Il nostro motto è: “pochi ma buoni”, visto il numero di morti che popolano la nostra camera. Rimasti orfani dell’erede naturale del cinghialone, l’allievo Della Valle Marcello, detto il “tordone”, siamo sopravvissuti, imboscandoci egregiamente, in cinque: quattro Tx ed un mortaista.

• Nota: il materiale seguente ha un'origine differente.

lemma orbital_form_chart_homogeneous:
  assumes "orbital_form S C A k \<mu>" "y \<in> S" "0 < k" "\<forall>j<k. v j \<in> orb_tangent C A y"
    and \<mu>_f: "\<forall>v. (\<forall>j<k. v j \<in> orb_tangent C A y) \<longrightarrow>
      \<mu> y v = f (wedge_coords n k (\<phi> y) (\<lambda>j. pushvec S C U \<phi> n y (v j)))"
  defines "W \<equiv> \<lambda>j. pushvec S C U \<phi> n y (v j)"
  shows "f (wedge_coords n k (\<phi> y) (W(0 := (\<lambda>i. t * W 0 i)))) = t * \<mu> y v"
proof -
  let ?v = "v(0 := (\<lambda>f. t * v 0 f))"
  have "\<forall>j<k. ?v j \<in> orb_tangent C A y"
    using assms(3,4) by (simp add: orb_tangent_scale)
  moreover have "(\<lambda>j. pushvec S C U \<phi> n y (?v j)) = W(0 := (\<lambda>i. t * W 0 i))"
    by (simp add: W_def fun_eq_iff pushvec_scale)
  ultimately have "\<mu> y ?v = f (wedge_coords n k (\<phi> y) (W(0 := (\<lambda>i. t * W 0 i))))"
    using \<mu>_f by simp
  moreover have "\<mu> y ?v = t * \<mu> y v"
    by (rule orbital_form_scale_first[OF assms(1-4)])
  ultimately show ?thesis by simp
qed

lemma orbital_form_chart_pullback:
  assumes "orbital_form S C A k \<mu>" "U \<subseteq> S" "smooth_Rn (n + n ^ k) f"
    and "\<forall>y\<in>U. \<forall>v. (\<forall>j<k. v j \<in> orb_tangent C A y) \<longrightarrow>
      \<mu> y v = f (wedge_coords n k (\<phi> y) (\<lambda>j. pushvec S C U \<phi> n y (v j)))"
  obtains a where "diff_form n k a" "\<forall>y\<in>U. \<forall>v. (\<forall>j<k. v j \<in> orb_tangent C A y) \<longrightarrow>
      \<mu> y v = form_eval n k a (\<phi> y) (\<lambda>j. pushvec S C U \<phi> n y (v j))"
proof (cases "k = 0")
  case True
  with assms(3) obtain a where "diff_form n 0 a" "\<And>p w. f (wedge_coords n 0 p w) = form_eval n 0 a p w"
    using smooth_Rn_wedge_coords_zero_form by auto
  with True assms(4) show ?thesis using that[of a] by simp
next
  case False
  then have k: "0 < k" by simp
  obtain a where a: "diff_form n k a" and hom: "\<And>p w L.
    (\<And>t. f (wedge_coords n k p (w(0 := (\<lambda>i. t * w 0 i)))) = t * L) \<Longrightarrow> L = form_eval n k a p w"
    using smooth_Rn_homogeneous_is_form[OF assms(3) k] by blast
  have "\<mu> y v = form_eval n k a (\<phi> y) (\<lambda>j. pushvec S C U \<phi> n y (v j))"
    if "y \<in> U" "\<forall>j<k. v j \<in> orb_tangent C A y" for y v
    using that assms(2,4)
    by (intro hom orbital_form_chart_homogeneous[OF assms(1) _ k]) auto
  with a show ?thesis using that[of a] by simp
qed

theorem lemmal:
  fixes S :: "'a set" and C :: "('a \<Rightarrow> real) set"
    and A :: "(('a \<Rightarrow> real) \<Rightarrow> ('a \<Rightarrow> real)) set"
    and \<mu> :: "'a \<Rightarrow> (nat \<Rightarrow> ('a \<Rightarrow> real) \<Rightarrow> real) \<Rightarrow> real" and k :: nat
  assumes "subcartesian S C"
    and "lie_subalgebra S C A"
    and "locally_complete S C A"
    and "orbital_form S C A k \<mu>"
  shows "\<forall>x\<in>S. \<exists>V \<phi> n a. x \<in> V \<and> chart S C V \<phi> n \<and> diff_form n k a \<and>
           (\<forall>y\<in>V. \<forall>v. (\<forall>j<k. v j \<in> orb_tangent C A y) \<longrightarrow>
              \<mu> y v = form_eval n k a (\<phi> y) (\<lambda>j. pushvec S C V \<phi> n y (v j)))"
proof
  fix x assume "x \<in> S"
  obtain U \<phi> n f where U: "x \<in> U" "chart S C U \<phi> n" and f: "smooth_Rn (n + n ^ k) f"
    and \<mu>_f: "\<forall>y\<in>U. \<forall>v. (\<forall>j<k. v j \<in> orb_tangent C A y) \<longrightarrow>
      \<mu> y v = f (wedge_coords n k (\<phi> y) (\<lambda>j. pushvec S C U \<phi> n y (v j)))"
    using orbital_form_chartE[OF assms(4) \<open>x \<in> S\<close>] by blast
  have "U \<subseteq> S" using U(2) openin_dtop_subset unfolding chart_def by blast
  obtain a where "diff_form n k a" and "\<forall>y\<in>U. \<forall>v. (\<forall>j<k. v j \<in> orb_tangent C A y) \<longrightarrow>
      \<mu> y v = form_eval n k a (\<phi> y) (\<lambda>j. pushvec S C U \<phi> n y (v j))"
    using orbital_form_chart_pullback[OF assms(4) \<open>U \<subseteq> S\<close> f \<mu>_f] by blast
  with U show "\<exists>V \<phi> n a. x \<in> V \<and> chart S C V \<phi> n \<and> diff_form n k a \<and>
      (\<forall>y\<in>V. \<forall>v. (\<forall>j<k. v j \<in> orb_tangent C A y) \<longrightarrow>
        \<mu> y v = form_eval n k a (\<phi> y) (\<lambda>j. pushvec S C V \<phi> n y (v j)))"
    by (intro exI[of _ U] exI[of _ \<phi>] exI[of _ n] exI[of _ a]) simp
qed

end
lemma Ck_1:
  assumes H1: "Ck 1 H1 W1" and H2: "Ck 1 H2 W2"
    and match: "\<And>y. y \<in> W \<Longrightarrow> y \<bullet> e = R \<Longrightarrow> partial H1 e y = partial H2 e y"
  shows "Ck 1 K W"
proof -
  have "continuous_on W (partial K b)" if b: "b \<in> Basis" for b
  proof -
    interpret P: hyperplane_split "partial K b" "partial H1 b" "partial H2 b" W W1 W2 e R
      by (rule hyperplane_split_partial[OF H1 H2 _ b]) (rule match)
    show ?thesis
      using H1 H2 b by (intro P.continuous_on) simp_all
  qed
  moreover have "(\<lambda>t. K (y + t *\<^sub>R b)) differentiable (at 0)" if "y \<in> W" "b \<in> Basis" for y b
    by (rule differentiable_along_and_partial[OF H1 H2 _ that, THEN conjunct1]) (rule match)
  ultimately show ?thesis
    using continuous_on H1 H2 by simp
qed

lemma Ck_2:
  assumes H1: "Ck 2 H1 W1" and H2: "Ck 2 H2 W2"
    and match: "\<And>y. y \<in> W \<Longrightarrow> y \<bullet> e = R \<Longrightarrow> partial H1 e y = partial H2 e y"
    and commute1: "\<And>y b. y \<in> W \<Longrightarrow> y \<bullet> e = R \<Longrightarrow> b \<in> Basis \<Longrightarrow>
                     partial (partial H1 b) e y = partial (partial H1 e) b y"
    and commute2: "\<And>y b. y \<in> W \<Longrightarrow> y \<bullet> e = R \<Longrightarrow> b \<in> Basis \<Longrightarrow>
                     partial (partial H2 b) e y = partial (partial H2 e) b y"
    and normal: "Ck 1 (partial K e) W"
  shows "Ck 2 K W"
proof -
  have H1': "Ck 1 H1 W1" "\<And>b. b \<in> Basis \<Longrightarrow> Ck 1 (partial H1 b) W1"
    and H2': "Ck 1 H2 W2" "\<And>b. b \<in> Basis \<Longrightarrow> Ck 1 (partial H2 b) W2"
    using H1 H2 by (simp_all add: numeral_2_eq_2)
  have "Ck 1 (partial K b) W" if b: "b \<in> Basis" for b
  proof (cases "b = e")
    case True
    with normal show ?thesis by simp
  next
    case False
    interpret P: hyperplane_split "partial K b" "partial H1 b" "partial H2 b" W W1 W2 e R
      by (rule hyperplane_split_partial[OF H1'(1) H2'(1) _ b]) (rule match)
    have "partial (partial H1 b) e y = partial (partial H2 b) e y" if y: "y \<in> W" "y \<bullet> e = R" for y
    proof -
      have on_interface: "(y + t *\<^sub>R b) \<bullet> e = R" for t
        using y False b e_Basis by (simp add: inner_add_left inner_Basis)
      have "eventually (\<lambda>t. partial H1 e (y + t *\<^sub>R b) = partial H2 e (y + t *\<^sub>R b)) (nhds 0)"
        using eventually_line_in_open[OF open_W y(1), of b]
        by (rule eventually_mono) (simp add: match on_interface)
      then have "partial (partial H1 e) b y = partial (partial H2 e) b y"
        by (rule partial_eventually_eq)
      then show ?thesis
        using commute1[OF y b] commute2[OF y b] by simp
    qed
    then show ?thesis
      using H1'(2) H2'(2) b by (intro P.Ck_1)
  qed
  moreover have "Ck 1 K W"
    by (rule Ck_1[OF H1'(1) H2'(1)]) (rule match)
  ultimately show ?thesis by (simp add: numeral_2_eq_2)
qed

Piero Ricci: “Riccio” oppure “ ho visto un riccio”E’ stato l’unico trasmettitore capace di mettere a tacere una squadra di fucilieri. Più che un uomo è un vichingo. Anche gli Ufficiali lo temevano e ne è riprova il fatto che si permetteva di arrivare in adunata in ritardo, o con la divisa sbagliata, o senza fucile, o con le calzature errate senza mai essere ripreso. In noi si è insinuato il sospetto che se fosse sceso in adunata in mutande gli ufficiali avrebbero punito il resto della compagnia perché vestiti. A questo suo aspetto esterno di fierezza si contrappone “Riccio storditone”: per tre mesi la domenica mattina si è intestardito ad indossare la drop completa ed infine gli stivaletti da lancio. Per tutta la durata del corso non ha mai perso occasione per uscire ed in questo lo ha aiutato la sua invidiabile posizione in classifica. In camerata, tutti imbottigliati, lo osservavamo vestirsi in civile ed organizzare la serata con gli altri pochi fortunati. Alla fine del corso, quando uscire e festeggiare è d’obbligo, le posizioni si sono invertite: lui punito per la prima volta in 5 mesi per scarponi sporchi e noi....... fuori. Inutile descrivere la sua espressione. Ma non finisce qui. Da sempre reporter della compagnia, famose sono diventate le sue foto strappate in momenti critici tanto da farne un “Reporter d’assalto”. A volte si pittava solo per poter strappare una foto agli ufficiali in atteggiamenti particolari: modello “paparazzo naja”. Anzi quasi è riuscito nella sua opera massima, nella foto da copertina, laddove nessun reporter è giunto mai.... l’intento di fotografare il ten. Fiore mentre lo punisce!
TopNon serve tanta fantasia per descrivere questo straordinario personaggio. Ogni giorno di corso ha messo in evidenza che l’appellativo affibiatogli non ha solo riscontri fonetici. Topastro come nessun altro è riuscito a tenere in ansia i suoi compagni di camerata per tutti i contrappelli, impegnandosi nel riordino del proprio armadietto esclusivamente quando l’ufficiale di servizio stava già ispezionando altre camerate. Proverbiale la sua dimenticanza al di fuori dell’armadietto: una camicia ben esposta e passata inosservata ad un’accurata rivista. Eppure durante tutti i periodi di pulizie la domanda sorgeva spontanea: “dove c...o è il Topalis?”, la risposta era ormai banale: “al telefono con la Michela!”......... serie di imprecazioni....... Il momento topico della giornata da lui più atteso era qualsiasi tipo di adunata: giungeva sempre in ritardo ma con il ghigno impresso sul muso; la sua licenza di Tx gli permetteva questo ed altro. In perpetuo conflitto con gli Uniform per la specializzazione che gli era stata imposta, insisteva per diventare mortaista. Al quarto mese, persa ogni speranza, mutava il suo atteggiamento dando dell’imboscato a qualsiasi cugino mortaista che incontrasse, proprio lui: un trasmettitore accampato quasi perennemente in D.E. Dotato comunque di indubbie qualità morali era sempre disposto a sacrificare i suoi fine settimana per coprire i servizi a favore di altri, riuscendo a collezionare un numero infinito di quadratini colorati sul tabellone. Lo stesso vale per le operazioni serali in compagnia. Adorava costantemente il dio water, disdegnando lo squallido pavimento e gli orripilanti davanzali polverosi della sua camerata costringendo i restanti Tx a infinite prove sul percorso S.A.S.C. per neutralizzare le zone polverose e paludose della 9^. Ultimamente impegnato negli studi, sperando di ottenere una destinazione in Piemonte, si trovava spedito nelle zone perennemente bianche sul fronte austriaco.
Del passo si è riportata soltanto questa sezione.